Painting by William Powell Frith

Many Happy Returns of the Day is an 1856 oil painting by the British artist William Powell Frith.
It depicts a scene of a Victorian middle-class family celebrating a child's birthday. The title refers to the popular greeting "many happy returns". The painting shows Firth's own family with his wife Isabelle at the opposite end of the table to him. This scene of domestic respectability ironically took place after the artist had already had a child with his long-term mistress Mary Alford.

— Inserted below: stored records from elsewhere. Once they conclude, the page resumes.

lemma lookup_det_pattern_mat_nonzero_inj:
  assumes \<rho>: "inj_on \<rho> {..<t}" and \<gamma>: "inj_on \<gamma> {..<t}"
    and "Poly_Mapping.lookup (det (pattern_mat A \<rho> \<gamma> t)) (positions_mon i j s) \<noteq> 0"
  shows "inj_on i {..<s} \<and> inj_on j {..<s}"
proof -
  obtain p where p: "p \<in> pattern_perms A \<rho> \<gamma> t" and eq: "positions_mon \<rho> (\<gamma> \<circ> p) t = positions_mon i j s"
    using assms(3) by (rule lookup_det_pattern_mat_nonzero)
  have "p permutes {..<t}" using p by (simp add: pattern_perms_def)
  then have "inj_on (\<gamma> \<circ> p) {..<t}"
    using \<gamma> by (intro comp_inj_on) (auto simp: permutes_inj_on permutes_image)
  then show ?thesis by (rule positions_mon_eq_imp_inj[OF eq[symmetric] \<rho>])
qed

section \<open>Coefficients of elements of I_t(A[x])\<close>

lemma I_t_homogeneous_component:
  assumes "f \<in> I_t A m n t"
  shows "\<exists>F w. F \<subseteq> minors t (gen_mat A m n) \<and>
    (\<forall>\<mu>. mon_deg \<mu> = t \<longrightarrow> Poly_Mapping.lookup f \<mu> = (\<Sum>g\<in>F. w g * Poly_Mapping.lookup g \<mu>))"
proof -
  obtain F c where F: "F \<subseteq> minors t (gen_mat A m n)" and f: "f = (\<Sum>g\<in>F. c g * g)"
    using assms unfolding I_t_def by blast
  have "Poly_Mapping.lookup (c g * g) \<mu> = Poly_Mapping.lookup (c g) 0 * Poly_Mapping.lookup g \<mu>"
    if "g \<in> F" "mon_deg \<mu> = t" for g \<mu>
  proof -
    have "g \<in> minors t (gen_mat A m n)" using that(1) F by blast
    then obtain \<rho> \<gamma> where "inj_on \<rho> {..<t}" "inj_on \<gamma> {..<t}" "g = det (pattern_mat A \<rho> \<gamma> t)"
      by (rule minors_gen_mat)
    then show ?thesis
      using that(2) by (intro lookup_mult_homogeneous) (simp add: mon_deg_keys_det_pattern_mat)
  qed
  then show ?thesis
    using F by (intro exI[of _ F] exI[of _ "\<lambda>g. Poly_Mapping.lookup (c g) 0"]) (simp add: f lookup_sum)
qed

lemma lookup_I_t_eq_0:
  fixes f :: "'k::comm_ring_1 mpoly"
  assumes "f \<in> I_t A m n t" "mon_deg \<mu> = t"
    and "\<And>g. g \<in> (minors t (gen_mat A m n) :: 'k mpoly set) \<Longrightarrow> Poly_Mapping.lookup g \<mu> = 0"
  shows "Poly_Mapping.lookup f \<mu> = 0"
proof -
  obtain F w where F: "F \<subseteq> minors t (gen_mat A m n)"
    and coeff: "\<And>\<mu>. mon_deg \<mu> = t \<Longrightarrow> Poly_Mapping.lookup f \<mu> = (\<Sum>g\<in>F. w g * Poly_Mapping.lookup g \<mu>)"
    using I_t_homogeneous_component[OF assms(1)] by blast
  show ?thesis
    unfolding coeff[OF assms(2)] using F assms(3) by (intro sum.neutral) (auto simp: subset_iff)
qed

lemma lookup_I_t_eq_neg:
  fixes f :: "'k::comm_ring_1 mpoly"
  assumes "f \<in> I_t A m n t" "mon_deg \<mu> = t" "mon_deg \<mu>' = t"
    and "\<And>g. g \<in> (minors t (gen_mat A m n) :: 'k mpoly set) \<Longrightarrow>
           Poly_Mapping.lookup g \<mu>' = - Poly_Mapping.lookup g \<mu>"
  shows "Poly_Mapping.lookup f \<mu>' = - Poly_Mapping.lookup f \<mu>"
proof -
  obtain F w where F: "F \<subseteq> minors t (gen_mat A m n)"
    and coeff: "\<And>\<mu>. mon_deg \<mu> = t \<Longrightarrow> Poly_Mapping.lookup f \<mu> = (\<Sum>g\<in>F. w g * Poly_Mapping.lookup g \<mu>)"
    using I_t_homogeneous_component[OF assms(1)] by blast
  have "Poly_Mapping.lookup f \<mu>' = (\<Sum>g\<in>F. - (w g * Poly_Mapping.lookup g \<mu>))"
    unfolding coeff[OF assms(3)] using F assms(4) by (intro sum.cong) (auto simp: subset_iff)
  then show ?thesis by (simp add: coeff[OF assms(2)] sum_negf)
qed

lemma positions_mon_in_I_t_inj:
  assumes "Poly_Mapping.single (positions_mon i j s) (1::'k::comm_ring_1) \<in> I_t A m n s"
  shows "inj_on i {..<s} \<and> inj_on j {..<s}"
proof (rule ccontr)
  assume not_inj: "\<not> (inj_on i {..<s} \<and> inj_on j {..<s})"
  have "Poly_Mapping.lookup g (positions_mon i j s) = 0"
    if minor: "g \<in> minors s (gen_mat A m n)" for g
  proof -
    obtain \<rho> \<gamma> where \<rho>: "inj_on \<rho> {..<s}" and \<gamma>: "inj_on \<gamma> {..<s}"
      and g: "g = det (pattern_mat A \<rho> \<gamma> s)"
      using minor by (rule minors_gen_mat)
    show ?thesis
    proof (rule ccontr)
      assume "Poly_Mapping.lookup g (positions_mon i j s) \<noteq> 0"
      then have "inj_on i {..<s} \<and> inj_on j {..<s}"
        unfolding g by (rule lookup_det_pattern_mat_nonzero_inj[OF \<rho> \<gamma>])
      with not_inj show False by contradiction
    qed
  qed
  then have "Poly_Mapping.lookup (Poly_Mapping.single (positions_mon i j s) (1::'k))
      (positions_mon i j s) = 0"
    by (rule lookup_I_t_eq_0[OF assms mon_deg_positions_mon])
  then show False by simp
qed

lemma positions_mon_in_I_t_no_exchange:
  assumes I: "Poly_Mapping.single (positions_mon i j s) (1::'k::comm_ring_1) \<in> I_t A m n s"
    and l: "l \<noteq> l'" "l < s" "l' < s" and A: "A (i l) (j l)" "A (i l') (j l')"
  shows "\<not> (A (i l) (j l') \<and> A (i l') (j l))"
proof
  assume exch: "A (i l) (j l') \<and> A (i l') (j l)"
  have "i l \<noteq> i l'" "j l \<noteq> j l'"
    using positions_mon_in_I_t_inj[OF I] l by (auto dest: inj_onD)
  define \<nu> where "\<nu> = (\<Sum>x\<in>{..<s} - {l, l'}. var_mon (i x, j x))"
  define \<mu> where "\<mu> = positions_mon i j s"
  define \<mu>' where "\<mu>' = \<nu> + var_mon (i l, j l') + var_mon (i l', j l)"
  have \<mu>_split: "\<mu> = \<nu> + var_mon (i l, j l) + var_mon (i l', j l')"
    unfolding \<mu>_def \<nu>_def using positions_mon_split[OF l] by (simp add: ac_simps)
  have "mon_deg \<mu> = s" by (simp add: \<mu>_def)
  moreover have "mon_deg \<mu>' = mon_deg \<mu>" by (simp add: \<mu>'_def \<mu>_split)
  ultimately have "mon_deg \<mu>' = s" by simp
  have "Poly_Mapping.lookup \<mu>' (i l, j l') \<noteq> Poly_Mapping.lookup \<mu> (i l, j l')"
    unfolding \<mu>'_def \<mu>_split using \<open>i l \<noteq> i l'\<close> \<open>j l \<noteq> j l'\<close> by (simp add: lookup_add lookup_single)
  then have "\<mu>' \<noteq> \<mu>" by auto
  have "Poly_Mapping.lookup g \<mu>' = - Poly_Mapping.lookup g \<mu>"
    if minor: "g \<in> minors s (gen_mat A m n)" for g
  proof -
    obtain \<rho> \<gamma> where \<rho>: "inj_on \<rho> {..<s}" and \<gamma>: "inj_on \<gamma> {..<s}"
      and g: "g = det (pattern_mat A \<rho> \<gamma> s)"
      using minor by (rule minors_gen_mat)
    show ?thesis
      unfolding g \<mu>'_def \<mu>_split using \<open>i l \<noteq> i l'\<close> A exch
      by (intro lookup_det_pattern_mat_exchange[OF \<rho> \<gamma>]) auto
  qed
  then have "Poly_Mapping.lookup (Poly_Mapping.single \<mu> (1::'k)) \<mu>'
      = - Poly_Mapping.lookup (Poly_Mapping.single \<mu> (1::'k)) \<mu>"
    by (rule lookup_I_t_eq_neg[OF I[folded \<mu>_def] \<open>mon_deg \<mu> = s\<close> \<open>mon_deg \<mu>' = s\<close>])
  with \<open>\<mu>' \<noteq> \<mu>\<close> show False by (simp add: lookup_single when_def)
qed

theorem theorem4p13:
  fixes A :: "nat \<Rightarrow> nat \<Rightarrow> bool" and m n s :: nat
    and i j :: "nat \<Rightarrow> nat"
  assumes "s \<ge> 2"
    and "\<forall>l<s. i l < m \<and> j l < n \<and> A (i l) (j l)"
    and "(\<Prod>l<s. var (i l) (j l)) \<in> (I_t A m n s :: 'k::field mpoly set)"
  shows "isolated_set A m n {(i l, j l) | l. l < s}"
proof -
  have "(\<Prod>l<s. var (i l) (j l)) = Poly_Mapping.single (positions_mon i j s) (1::'k)"
    using prod_single_if[of "{..<s}" "\<lambda>_. True"] by (simp add: var_def positions_mon_def)
  then have I: "Poly_Mapping.single (positions_mon i j s) (1::'k) \<in> I_t A m n s"
    using assms(3) by simp
  \<comment> \<open>The pairwise condition holds for every \<open>s\<close>.\<close>
  have "isolated_pair A (i l, j l) (i l', j l')" if "l < s" "l' < s" "(i l, j l) \<noteq> (i l', j l')" for l l'
    using positions_mon_in_I_t_no_exchange[OF I, of l l'] assms(2) that
    by (auto simp: isolated_pair_def)
  then show ?thesis
    using assms(2) unfolding isolated_set_def by blast
qed

end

The painting was displayed at the Royal Academy Exhibition of 1856 held at the National Gallery in London. The picture is now in the collection of the Mercer Art Gallery in Harrogate in the artist's native Yorkshire, having been acquired in 1951.

==Bibliography==
- Graham-Dixon, Andrew. A History of British Art. University of California Press, 1999.
- Green, Richard & Sellars, Jane. William Powell Frith: The People's Painter. Bloomsbury, 2019.
- Simon, Caroline & Bourne, Susan. The Age of Innocence? Children in Art 1830-1930. Museum Services of Blackburn, Burnley and Lancashire County, 1989.
- Tosh, John. A Man's Place: Masculinity and the Middle-class Home in Victorian England. Yale University Press, 1999.
- Wood, Christopher. William Powell Frith: A Painter and His World. Sutton Publishing, 2006.